The command above asumes that your Python interpreter is aliased to python and references a version equal to or greater than 3.10

Alternatively, it is also possible to clone this repository and install the package via pip and/or build.

Usage

Here is an usage example. Feel free to take a look at other examples in the corresponding section of the repository.

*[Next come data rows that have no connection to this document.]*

(* Let $Y^1,\dots,Y^{n+3}\in\mathbb{R}^n$ with components $Y^\alpha=(Y^\alpha_i)_{i=1}^n$. Then $$\sum_{\alpha,\beta'=1}^{n+3}(Y^\alpha)^T\mathbb X^{\alpha\beta'}Y^{\beta'}=\varepsilon\nu\big|Y^{n+1}+(n+2)\Theta Y^{n+3}\big|^2+4\varepsilon\kappa\Theta^2|Y^{n+3}|^2$$ $$+\frac{\varepsilon\mu\Theta}2\sum_{i,\alpha=1}^n\Big|\Big(Y^\alpha_i+Y^i_\alpha-\frac2n\sum_{j=1}^nY^j_j\delta_{i\alpha}\Big)+2\Big(u_iY^{n+3}_\alpha+u_\alpha Y^{n+3}_i-\frac2n\sum_{j=1}^nu_jY^{n+3}_j\delta_{i\alpha}\Big)\Big|^2,$$ and this quantity is nonnegative; in particular the matrix $\mathbb X$ is nonnegative.
   Context: Let $n\ge1$, $\varepsilon>0$, $\Theta>0$, $u\in\mathbb{R}^n$, and let $\mu,\kappa,\nu$ be positive reals (in the paper $\mu=\rho\Theta\langle m^{-1}\rangle_\beta$, $\kappa=\frac{n+2}2\rho\Theta\langle m^{-2}\rangle_\beta$, $\nu=\rho\Theta(\langle m^{-2}\rangle_\beta-\langle m^{-1}\rangle_\beta^2)$, which are positive). With $(e_1,\dots,e_n)$ the canonical basis of $\mathbb{R}^n$, $(a\otimes b)_{ij}=a_ib_j$, $\mathrm 0_n$ the zero matrix, define $n\times n$ blocks $\mathbb X^{\alpha\beta'}$, $\alpha,\beta'\in\{1,\dots,n+3\}$: $\mathbb X^{\alpha\beta'}=\varepsilon\mu\Theta(\mathrm I_n\delta^{\alpha\beta'}+e_{\beta'}\otimes e_\alpha-\frac2ne_\alpha\otimes e_{\beta'})$ for $\alpha,\beta'\le n$; $\mathbb X^{\alpha,n+1}=\mathbb X^{\alpha,n+2}=(\mathbb X^{n+1,\alpha})^T=(\mathbb X^{n+2,\alpha})^T=\mathrm 0_n$ for $\alpha\le n$; $\mathbb X^{\alpha,n+3}=(\mathbb X^{n+3,\alpha})^T=2\varepsilon\mu\Theta(u_\alpha\mathrm I_n+u\otimes e_\alpha-\frac2ne_\alpha\otimes u)$ for $\alpha\le n$; $\mathbb X^{n+1,n+1}=\varepsilon\nu\mathrm I_n$, $\mathbb X^{n+1,n+2}=\mathbb X^{n+2,n+1}=\mathbb X^{n+2,n+2}=\mathrm 0_n$; $\mathbb X^{n+1,n+3}=\mathbb X^{n+3,n+1}=(n+2)\varepsilon\nu\Theta\mathrm I_n$, $\mathbb X^{n+2,n+3}=\mathbb X^{n+3,n+2}=\mathrm 0_n$; $\mathbb X^{n+3,n+3}=\varepsilon\Theta[((n+2)^2\nu\Theta+4\kappa\Theta+4\mu|u|^2)\mathrm I_n+4\frac{n-2}n\mu\,u\otimes u]$. *)

theory Defs
  imports Complex_Main
begin

text \<open>Conventions: vectors in R^n are functions nat => real used on indices 1..n;
  the family Y^1..Y^(n+3) is Y :: nat => nat => real, Y a i = i-th component of Y^a.
  Block X^(a,b) is the n x n matrix with entries Xblk ... a b i j (i,j in 1..n).\<close>

definition kd :: "nat \<Rightarrow> nat \<Rightarrow> real" where
  "kd i j = (if i = j then 1 else 0)"

definition sqnorm :: "nat \<Rightarrow> (nat \<Rightarrow> real) \<Rightarrow> real" where
  "sqnorm n v = (\<Sum>j=1..n. (v j)^2)"
(* Let $X_1,\ldots,X_n$ be non-empty sets and $S\subset X_1\times\cdots\times X_n$ be relatively full. Then every maximal good subset $M\subset S$ is full.
   Context: $\Pi_i$ denotes the canonical projection onto $X_i$. A subset $T$ is good if every complex-valued function $f$ on $T$ can be written as $f(x_1,\ldots,x_n)=u_1(x_1)+\cdots+u_n(x_n)$ on $T$ for suitable functions $u_i$ on $X_i$. $T$ is full if it is a maximal good subset of $\Pi_1T\times\cdots\times\Pi_nT$. A maximal good subset of $S$ is a good subset of $S$ not strictly contained in any other good subset of $S$. $U(S)$ denotes the set of functions $f$ on $S$ for which there exist functions $u_i$ on $\Pi_iS$ with $f=u_1+\cdots+u_n$ on $S$. The set $S$ is relatively full if there exist $x_i^0\in\Pi_iS$, $1\le i\le n-1$, such that every $f\in U(S)$ has a unique representation $f=u_1+\cdots+u_n$ on $S$ (with $u_i$ functions on $\Pi_iS$) once the values $u_i(x_i^0)$, $1\le i\le n-1$, are prescribed. *)

theory Defs
  imports Complex_Main "HOL-Library.FuncSet"
begin

text \<open>Points of X_1 x ... x X_n are extensional functions on the index set {..<n}
  (indices 0..n-1), elements of PiE {..<n} X.\<close>

definition proj :: "nat \<Rightarrow> (nat \<Rightarrow> 'a) set \<Rightarrow> 'a set" where
  "proj i T = (\<lambda>x. x i) ` T"

definition represents :: "nat \<Rightarrow> (nat \<Rightarrow> 'a \<Rightarrow> complex) \<Rightarrow> ((nat \<Rightarrow> 'a) \<Rightarrow> complex) \<Rightarrow> (nat \<Rightarrow> 'a) set \<Rightarrow> bool" where
  "represents n u f T \<longleftrightarrow> (\<forall>x\<in>T. f x = (\<Sum>i<n. u i (x i)))"

definition good :: "nat \<Rightarrow> (nat \<Rightarrow> 'a) set \<Rightarrow> bool" where
  "good n T \<longleftrightarrow> (\<forall>f :: (nat \<Rightarrow> 'a) \<Rightarrow> complex. \<exists>u. represents n u f T)"

definition maximal_good :: "nat \<Rightarrow> (nat \<Rightarrow> 'a) set \<Rightarrow> (nat \<Rightarrow> 'a) set \<Rightarrow> bool" where
  "maximal_good n S M \<longleftrightarrow> M \<subseteq> S \<and> good n M \<and>
     (\<forall>M'. M \<subseteq> M' \<and> M' \<subseteq> S \<and> good n M' \<longrightarrow> M' = M)"

definition full :: "nat \<Rightarrow> (nat \<Rightarrow> 'a) set \<Rightarrow> bool" where
  "full n T \<longleftrightarrow> maximal_good n (PiE {..<n} (\<lambda>i. proj i T)) T"

definition U :: "nat \<Rightarrow> (nat \<Rightarrow> 'a) set \<Rightarrow> ((nat \<Rightarrow> 'a) \<Rightarrow> complex) set" where
  "U n S = {f. \<exists>u. represents n u f S}"

definition relatively_full :: "nat \<Rightarrow> (nat \<Rightarrow> 'a) set \<Rightarrow> bool" where
  "relatively_full n S \<longleftrightarrow> (\<exists>x0. (\<forall>i<n-1. x0 i \<in> proj i S) \<and>
     (\<forall>f\<in>U n S. \<forall>u v. represents n u f S \<and> represents n v f S \<and>
        (\<forall>i<n-1. u i (x0 i) = v i (x0 i)) \<longrightarrow>
        (\<forall>i<n. \<forall>y\<in>proj i S. u i y = v i y)))"

end

theory Submission
  imports Defs
begin

text \<open>Call u a relation of T if \<open>\<Sum>i<n. u i (x i)\<close> vanishes for all x in T. Adding a
  point s to a good set M keeps it good unless every relation of M vanishes at s; hence a
  maximal good subset M of S has the same relations as S. Relative fullness forces the
  components of a relation of S to be constant on the projections of S, so the relation
  vanishes on the whole box spanned by these projections, which contains the box spanned by
  the projections of M. But if M' is a good subset of the latter box and y is a point of M'
  outside M, a representation on M' of the indicator of y is a relation of M that does not
  vanish at y.\<close>

lemma not_good_insert_relation:
  fixes M :: "(nat \<Rightarrow> 'a) set" and u :: "nat \<Rightarrow> 'a \<Rightarrow> complex"
  assumes good: "good n M" and not_good: "\<not> good n (insert s M)"
    and relation: "\<forall>x\<in>M. (\<Sum>i<n. u i (x i)) = 0"
  shows "(\<Sum>i<n. u i (s i)) = 0"
proof (rule ccontr)
  assume nonzero: "(\<Sum>i<n. u i (s i)) \<noteq> 0"
  have "\<exists>w'. represents n w' f (insert s M)" for f :: "(nat \<Rightarrow> 'a) \<Rightarrow> complex"
  proof -
    obtain w where w: "represents n w f M" using good unfolding good_def by blast
    define t where "t = (f s - (\<Sum>i<n. w i (s i))) / (\<Sum>i<n. u i (s i))"
    define w' where "w' = (\<lambda>i z. w i z + t * u i z)"
    have "(\<Sum>i<n. w' i (x i)) = (\<Sum>i<n. w i (x i)) + t * (\<Sum>i<n. u i (x i))" for x
      unfolding w'_def by (simp add: sum.distrib sum_distrib_left)
    then have "represents n w' f (insert s M)"
      using w relation nonzero unfolding represents_def t_def by auto
    then show ?thesis by blast
  qed
  then show False using not_good unfolding good_def by blast
qed

lemma maximal_good_relation:
  fixes u :: "nat \<Rightarrow> 'a \<Rightarrow> complex"
  assumes max: "maximal_good n S M" and relation: "\<forall>x\<in>M. (\<Sum>i<n. u i (x i)) = 0"
    and s: "s \<in> S"
  shows "(\<Sum>i<n. u i (s i)) = 0"
proof (cases "s \<in> M")
  case True
  then show ?thesis using relation by blast
next
  case False
  have M_S: "M \<subseteq> S" and good: "good n M"
    and maximal: "\<And>M'. M \<subseteq> M' \<Longrightarrow> M' \<subseteq> S \<Longrightarrow> good n M' \<Longrightarrow> M' = M"
    using max unfolding maximal_good_def by blast+
  have "\<not> good n (insert s M)"
    using maximal[of "insert s M"] False s M_S by blast
  then show ?thesis using not_good_insert_relation[OF good _ relation] by blast
qed

lemma relatively_full_relation_box:
  fixes u :: "nat \<Rightarrow> 'a \<Rightarrow> complex"
  assumes rf: "relatively_full n S" and relation: "\<forall>x\<in>S. (\<Sum>i<n. u i (x i)) = 0"
    and y: "\<forall>i<n. y i \<in> proj i S"
  shows "(\<Sum>i<n. u i (y i)) = 0"
proof (cases n)
  case 0
  then show ?thesis by simp
next
  case (Suc m)
  obtain x0 where unique: "\<forall>f\<in>U n S. \<forall>u v. represents n u f S \<and> represents n v f S \<and>
        (\<forall>i<n-1. u i (x0 i) = v i (x0 i)) \<longrightarrow> (\<forall>i<n. \<forall>z\<in>proj i S. u i z = v i z)"
    using rf unfolding relatively_full_def by blast
  txt \<open>Shift u by constants summing to 0 so that it vanishes at the base points; by
    uniqueness the shifted family is then the zero representation of the zero function.\<close>
  define c where "c = (\<lambda>i. if i < m then u i (x0 i) else - (\<Sum>j<m. u j (x0 j)))"
  define v where "v = (\<lambda>i z. u i z - c i)"
  have "(\<Sum>i<n. c i) = 0" unfolding c_def Suc by simp
  then have v_sum: "(\<Sum>i<n. v i (x i)) = (\<Sum>i<n. u i (x i))" for x
    unfolding v_def by (simp add: sum_subtractf)
  have "represents n v (\<lambda>_. 0) S" and zero_rep: "represents n (\<lambda>_ _. 0) (\<lambda>_. 0) S"
    using relation v_sum unfolding represents_def by simp_all
  moreover have "(\<lambda>_. 0) \<in> U n S" using zero_rep unfolding U_def by blast
  moreover have "\<forall>i<n-1. v i (x0 i) = 0" unfolding v_def c_def Suc by simp
  ultimately have "\<forall>i<n. \<forall>z\<in>proj i S. v i z = 0" using unique by blast
  then show ?thesis using y v_sum[of y] by simp
qed

lemma good_indicator_relation:
  assumes "good n T" and "y \<in> T"
  obtains u :: "nat \<Rightarrow> 'a \<Rightarrow> complex"
  where "\<forall>x\<in>T - {y}. (\<Sum>i<n. u i (x i)) = 0" and "(\<Sum>i<n. u i (y i)) = 1"
proof -
  obtain u where "represents n u (\<lambda>x. if x = y then 1 else 0) T"
    using assms(1) unfolding good_def by blast
  then have "(\<Sum>i<n. u i (x i)) = (if x = y then 1 else 0)" if "x \<in> T" for x
    using that unfolding represents_def by simp
  with assms(2) show ?thesis by (intro that[of u]) auto
qed

lemma proj_mono: "T \<subseteq> T' \<Longrightarrow> proj i T \<subseteq> proj i T'"
  unfolding proj_def by blast

lemma subset_PiE_proj:
  assumes "T \<subseteq> PiE I X"
  shows "T \<subseteq> PiE I (\<lambda>i. proj i T)"
  using assms unfolding proj_def by (auto simp: PiE_iff)

theorem theorem5:
  fixes n :: nat and X :: "nat \<Rightarrow> 'a set" and S M :: "(nat \<Rightarrow> 'a) set"
  assumes "\<forall>i<n. X i \<noteq> {}"
    and "S \<subseteq> PiE {..<n} X"
    and "relatively_full n S"
    and "maximal_good n S M"
  shows "full n M"
proof -
  have M_S: "M \<subseteq> S" and good_M: "good n M"
    using assms(4) unfolding maximal_good_def by blast+
  have "M' = M" if M_M': "M \<subseteq> M'" and M'_box: "M' \<subseteq> PiE {..<n} (\<lambda>i. proj i M)"
    and good_M': "good n M'" for M'
  proof (rule ccontr)
    assume "M' \<noteq> M"
    with M_M' obtain y where y: "y \<in> M'" "y \<notin> M" by blast
    obtain u :: "nat \<Rightarrow> 'a \<Rightarrow> complex" where relation: "\<forall>x\<in>M' - {y}. (\<Sum>i<n. u i (x i)) = 0"
      and at_y: "(\<Sum>i<n. u i (y i)) = 1"
      using good_indicator_relation[OF good_M' y(1)] by blast
    have "\<forall>x\<in>M. (\<Sum>i<n. u i (x i)) = 0"
      using relation M_M' y(2) by blast
    then have "\<forall>x\<in>S. (\<Sum>i<n. u i (x i)) = 0"
      using maximal_good_relation[OF assms(4)] by blast
    moreover have "\<forall>i<n. y i \<in> proj i S"
      using M'_box y(1) proj_mono[OF M_S] by (fastforce simp: PiE_iff)
    ultimately have "(\<Sum>i<n. u i (y i)) = 0"
      using relatively_full_relation_box[OF assms(3)] by blast
    with at_y show False by simp
  qed
  moreover have "M \<subseteq> PiE {..<n} (\<lambda>i. proj i M)"
    using subset_PiE_proj M_S assms(2) by blast
  ultimately show ?thesis unfolding full_def maximal_good_def using good_M by blast
qed

end
lemma functional_equation_iterate:
  assumes "continuous_on UNIV f" "compact U" "U \<noteq> {}" "X \<in> Kset"
    and w_eq: "\<And>Y. Y \<in> Kset \<Longrightarrow>
      w Y - w (Fmap f U Y) = (1 - exp (- Psi \<alpha> Y)) * (1 - w (Fmap f U Y))"
  shows "1 - w X = exp (- (\<Sum>j<k. Psi \<alpha> (Reach f U X j))) * (1 - w (Reach f U X k))"
proof (induction k)
  case 0
  show ?case by (simp add: Reach_0[OF assms(3)])
next
  case (Suc k)
  have "1 - w (Reach f U X k) = exp (- Psi \<alpha> (Reach f U X k)) * (1 - w (Reach f U X (Suc k)))"
    using w_eq[OF Reach_Kset[OF assms(1-4)]] unfolding Reach_Suc by (simp add: algebra_simps)
  with Suc show ?case by (simp add: exp_diff exp_minus field_simps)
qed

lemma not_summable_exp_factor_eq_0:
  fixes a b :: "nat \<Rightarrow> real"
  assumes "\<not> summable a" "\<And>k. a k \<ge> 0"
    and "\<And>k. c = exp (- (\<Sum>j<k. a j)) * b k" "\<And>k. \<bar>b k\<bar> \<le> B"
  shows "c = 0"
proof (rule ccontr)
  assume "c \<noteq> 0"
  have "(\<Sum>j<k. a j) \<le> ln (B / \<bar>c\<bar>)" for k
  proof -
    have "\<bar>c\<bar> \<le> exp (- (\<Sum>j<k. a j)) * B"
      using assms(3,4)[of k] by (simp add: abs_mult mult_left_mono)
    then have "exp (\<Sum>j<k. a j) \<le> B / \<bar>c\<bar>"
      using \<open>c \<noteq> 0\<close> by (simp add: exp_minus field_simps)
    then show ?thesis by (subst ln_ge_iff) (auto intro: less_le_trans[OF exp_gt_zero])
  qed
  then have "summable a" using assms(2) by (intro summableI_nonneg_bounded) auto
  with assms(1) show False ..
qed

lemma summable_exp_factor_limit:
  fixes a b :: "nat \<Rightarrow> real"
  assumes "summable a" "\<And>k. c = exp (- (\<Sum>j<k. a j)) * b k" "b \<longlonglongrightarrow> L"
  shows "c = exp (- suminf a) * L"
proof -
  have "(\<lambda>k. exp (- (\<Sum>j<k. a j)) * b k) \<longlonglongrightarrow> exp (- suminf a) * L"
    using summable_LIMSEQ[OF assms(1)] assms(3) by (intro tendsto_intros)
  then show ?thesis by (simp add: assms(2)[symmetric] LIMSEQ_const_iff)
qed

lemma local_lp_stabilizable_lam_tendsto_0:
  assumes "local_lp_stabilizable N f U A r M p lam"
  shows "(\<lambda>k. lam r k) \<longlonglongrightarrow> 0"
proof -
  from assms have p: "p > 0" and lam_nonneg: "\<And>k. lam r k \<ge> 0"
    and "summable (\<lambda>k. lam r k powr p)"
    unfolding local_lp_stabilizable_def by auto
  then have "(\<lambda>k. (lam r k powr p) powr (1 / p)) \<longlonglongrightarrow> 0"
    by (intro tendsto_zero_powrI[where b = "1 / p", OF summable_LIMSEQ_zero]) auto
  moreover have "(lam r k powr p) powr (1 / p) = lam r k" for k
    using p lam_nonneg[of k] by (simp add: powr_powr)
  ultimately show ?thesis by simp
qed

from scoretree import Score, ScoreArea, ScoreTree

# Define a score tree:
st = ScoreTree([
    # Add a list of areas to be evaluated:
    ScoreArea(name=f"Simulation", weight=1, items=[
        # Each area can contain other areas and/or scores:
        ScoreArea("Stop maneuver", .2, [
            # Scores are the minimal grading unit:
            Score(
                name="Distance to end",
                weight=.8,
                score_range=(0, 10),
                value=9.8848,
                inverse=True
            ),
            Score("Deceleration intensity", .2, (0, 20), value=185555)
        ]),
        # Different instance creation syntax:
        ScoreArea("Track performance", .8, [
            Score("Speed", .3, (0, 20), 5),
            ScoreArea("Efficiency", .7, [
                Score("Track time", .5, (0, 40), 30),
                Score("Track distance", .5, (0, 200), value=10, inverse=True)
            ])
        ])
    ])
], colorized=True)  # Enable or disable colorized output.

print(f"Total simulation score: {st.score}")

This would be the colorized output for the code snippet above:

sample_output

Contributing

Since this is a very small project that can be easily improved and can expand its functionality way further down the development process, any contributions, suggestions or bug reports are more than welcome!